(Data for this exercise)

(* Let $k\ge1$, $n\ge 2k$ and $0\le i\le n-2$ be integers. For $j\in\mathbb Z$ put \[ A_{i,j}=\binom{i}{\lceil i/2\rceil-j(n-k+2)}-\binom{i}{\lfloor (i+n-k)/2\rfloor+1-j(n-k+2)}, \] \[ B_{i,j}=\binom{i}{\lceil i/2\rceil-j(n-k+1)}-\binom{i}{\lfloor (i+n-k-1)/2\rfloor+1-j(n-k+1)}, \] \[ C_{i,j}=\binom{i}{\lceil i/2\rceil-j(n-k)}-\binom{i}{\lfloor (i+n-k-2)/2\rfloor+1-j(n-k)}. \] Then \[ \sum_{j\in\mathbb Z}\bigl(-A_{i,j}+2B_{i,j}-C_{i,j}\bigr) =\binom{i+1}{\lfloor\frac{i+n-k}{2}\rfloor+1}+\binom{i+1}{\lfloor\frac{i+n-k}{2}\rfloor-n+k} -2\left(\binom{i}{\lfloor\frac{i+n-k-1}{2}\rfloor+1}+\binom{i}{\lfloor\frac{i+n-k-1}{2}\rfloor-n+k}\right). \]
   Context: Convention: $\binom{a}{b}=0$ if $b<0$ or $b>a$. *)

theory Defs
  imports "HOL-Analysis.Analysis"
begin

definition zbinom :: "nat \<Rightarrow> int \<Rightarrow> int" where
  "zbinom a b = (if b < 0 \<or> b > int a then 0 else int (a choose nat b))"

end

theory Submission
  imports Defs
begin

text \<open>
  Put m = n - k.  The hypotheses give 0 \<le> i \<le> 2m - 2, and all rounded quantities are
  halves of integers: c = \<lceil>i/2\<rceil> = (i+1) div 2, F = \<lfloor>(i+m)/2\<rfloor> = (i+m) div 2,
  G = \<lfloor>(i+m-1)/2\<rfloor> = (i+m-1) div 2.
  Each of A, B, C is a difference of binomials whose lower index is a base point b in
  the window [i/2, i/2 + m] shifted by j times a period p \<ge> m.  Because the row length i
  is smaller than 2m, such a shifted coefficient vanishes unless j \<in> {0, 1}
  (lemma zbinom_shift_vanishes), so the series over Z is a finite sum of two terms.
  The j = 0 term collapses by Pascal's rule to binom(i+1, F+1) - 2 binom(i, G+1), and in
  the j = 1 term the ceiling contributions fall below zero, leaving, again by Pascal,
  binom(i+1, F-m) - 2 binom(i, G-m).
\<close>

lemma zbinom_eq_0: "b < 0 \<or> b > int a \<Longrightarrow> zbinom a b = 0"
  by (auto simp: zbinom_def)

text \<open>Pascal's rule, valid for every integer lower index thanks to the zero convention.\<close>
lemma zbinom_pascal: "zbinom (Suc a) b = zbinom a b + zbinom a (b - 1)"
proof -
  consider "b < 0" | "b = 0" | "b \<ge> 1 \<and> b \<le> int a + 1" | "b > int a + 1" by linarith
  then show ?thesis
  proof cases
    case 3
    then obtain t where t: "b = int t + 1" "t \<le> a"
      by (metis add.commute add_le_cancel_left nat_int nat_le_iff zle_iff_zadd)
    have "Suc a choose Suc t = (a choose t) + (a choose Suc t)" by simp
    then show ?thesis using t
      by (auto simp: zbinom_def nat_add_distrib binomial_eq_0 simp del: binomial_Suc_Suc)
  qed (auto simp: zbinom_def)
qed

lemma zbinom_shift_vanishes:
  fixes a :: nat and b p j :: int
  assumes "p \<ge> 0" "int a < b + p" "b < 2 * p" "j \<notin> {0, 1}"
  shows "zbinom a (b - j * p) = 0"
proof (rule zbinom_eq_0)
  consider "j \<le> -1" | "j \<ge> 2" using assms(4) by force
  then show "b - j * p < 0 \<or> b - j * p > int a"
  proof cases
    case 1
    then have "j * p \<le> - p" using mult_right_mono[OF 1 assms(1)] by simp
    then show ?thesis using assms(2) by linarith
  next
    case 2
    then have "j * p \<ge> 2 * p" using mult_right_mono[OF 2 assms(1)] by simp
    then show ?thesis using assms(3) by linarith
  qed
qed

lemma window_sum:
  fixes i :: nat and m :: int
  assumes "m \<ge> 1" "int i \<le> 2 * m - 2"
  defines "c \<equiv> (int i + 1) div 2" and "F \<equiv> (int i + m) div 2" and "G \<equiv> (int i + m - 1) div 2"
  defines "T \<equiv> \<lambda>j::int.
      - (zbinom i (c - j * (m + 2)) - zbinom i (F + 1 - j * (m + 2)))
      + 2 * (zbinom i (c - j * (m + 1)) - zbinom i (G + 1 - j * (m + 1)))
      - (zbinom i (c - j * m) - zbinom i (F - j * m))"
  shows "((\<lambda>j. real_of_int (T j)) has_sum
           real_of_int (zbinom (i + 1) (F + 1) + zbinom (i + 1) (F - m)
                        - 2 * (zbinom i (G + 1) + zbinom i (G - m)))) UNIV"
proof -
  have c: "int i \<le> 2 * c" "2 * c \<le> int i + 1" unfolding c_def by presburger+
  have F: "2 * F \<le> int i + m" "int i + m \<le> 2 * F + 1" unfolding F_def by presburger+
  have G: "2 * G \<le> int i + m - 1" "int i + m - 1 \<le> 2 * G + 1" unfolding G_def by presburger+
  have outside: "T j = 0" if "j \<notin> {0, 1}" for j
    unfolding T_def using assms(1,2) c F G that
    by (simp add: zbinom_shift_vanishes)
  have "T 0 = zbinom (i + 1) (F + 1) - 2 * zbinom i (G + 1)"
    unfolding T_def by (simp add: zbinom_pascal[simplified])
  moreover have "T 1 = zbinom (i + 1) (F - m) - 2 * zbinom i (G - m)"
  proof -
    have "c - p < 0" if "p \<ge> m" for p using c assms(2) that by linarith
    then have "zbinom i (c - p) = 0" if "p \<ge> m" for p using that by (simp add: zbinom_eq_0)
    then show ?thesis
      unfolding T_def by (simp add: zbinom_pascal[simplified] algebra_simps)
  qed
  ultimately show ?thesis
    by (intro has_sum_finite_neutralI[where B = "{0, 1}"]) (use outside in auto)
qed

lemma floor_half_of_int: "\<lfloor>real_of_int x / 2\<rfloor> = x div 2"
  using floor_divide_of_int_eq[of x 2] by simp

lemma ceiling_half_of_nat: "\<lceil>real a / 2\<rceil> = (int a + 1) div 2"
proof -
  have "\<lceil>real a / 2\<rceil> = - ((- int a) div 2)"
    using floor_half_of_int[of "- int a"] by (simp add: ceiling_def)
  also have "\<dots> = (int a + 1) div 2" by presburger
  finally show ?thesis .
qed

theorem mainTheorem10:
  fixes k n i :: nat
  assumes "k \<ge> 1" and "n \<ge> 2 * k" and "i \<le> n - 2"
  defines "A \<equiv> \<lambda>j::int. zbinom i (\<lceil>real i / 2\<rceil> - j * (int n - int k + 2))
              - zbinom i (\<lfloor>(real i + real n - real k) / 2\<rfloor> + 1 - j * (int n - int k + 2))"
      and "B \<equiv> \<lambda>j::int. zbinom i (\<lceil>real i / 2\<rceil> - j * (int n - int k + 1))
              - zbinom i (\<lfloor>(real i + real n - real k - 1) / 2\<rfloor> + 1 - j * (int n - int k + 1))"
      and "C \<equiv> \<lambda>j::int. zbinom i (\<lceil>real i / 2\<rceil> - j * (int n - int k))
              - zbinom i (\<lfloor>(real i + real n - real k - 2) / 2\<rfloor> + 1 - j * (int n - int k))"
  shows "((\<lambda>j::int. real_of_int (- A j + 2 * B j - C j)) has_sum
           real_of_int (zbinom (i + 1) (\<lfloor>(real i + real n - real k) / 2\<rfloor> + 1)
             + zbinom (i + 1) (\<lfloor>(real i + real n - real k) / 2\<rfloor> - int n + int k)
             - 2 * (zbinom i (\<lfloor>(real i + real n - real k - 1) / 2\<rfloor> + 1)
                    + zbinom i (\<lfloor>(real i + real n - real k - 1) / 2\<rfloor> - int n + int k)))) UNIV"
proof -
  define m where "m = int n - int k"
  have m: "m \<ge> 1" "int i \<le> 2 * m - 2" using assms(1-3) unfolding m_def by auto
  have periods: "int n - int k + 2 = m + 2" "int n - int k + 1 = m + 1" "int n - int k = m"
    "\<And>x. x - int n + int k = x - m" unfolding m_def by simp_all
  have floors: "\<lfloor>(real i + real n - real k - d) / 2\<rfloor> = (int i + m - d) div 2" for d :: int
    using floor_half_of_int[of "int i + m - d"] by (simp add: m_def add_diff_eq)
  have "\<lfloor>(real i + real n - real k - 2) / 2\<rfloor> = (int i + m) div 2 - 1"
    using floors[of 2] by simp
  moreover have "\<lfloor>(real i + real n - real k - 1) / 2\<rfloor> = (int i + m - 1) div 2"
    using floors[of 1] by simp
  moreover have "\<lfloor>(real i + real n - real k) / 2\<rfloor> = (int i + m) div 2"
    using floors[of 0] by simp
  ultimately show ?thesis
    using window_sum[OF m] unfolding A_def B_def C_def periods ceiling_half_of_nat by simp
qed

end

(End Data for this exercise)

### What you will do
Whenever the string "close" turns up in a line of the data, copy that line.

### Output of the exercise
\<close>
text \<open>Pascal's rule, valid for every integer lower index thanks to the zero convention.\<close>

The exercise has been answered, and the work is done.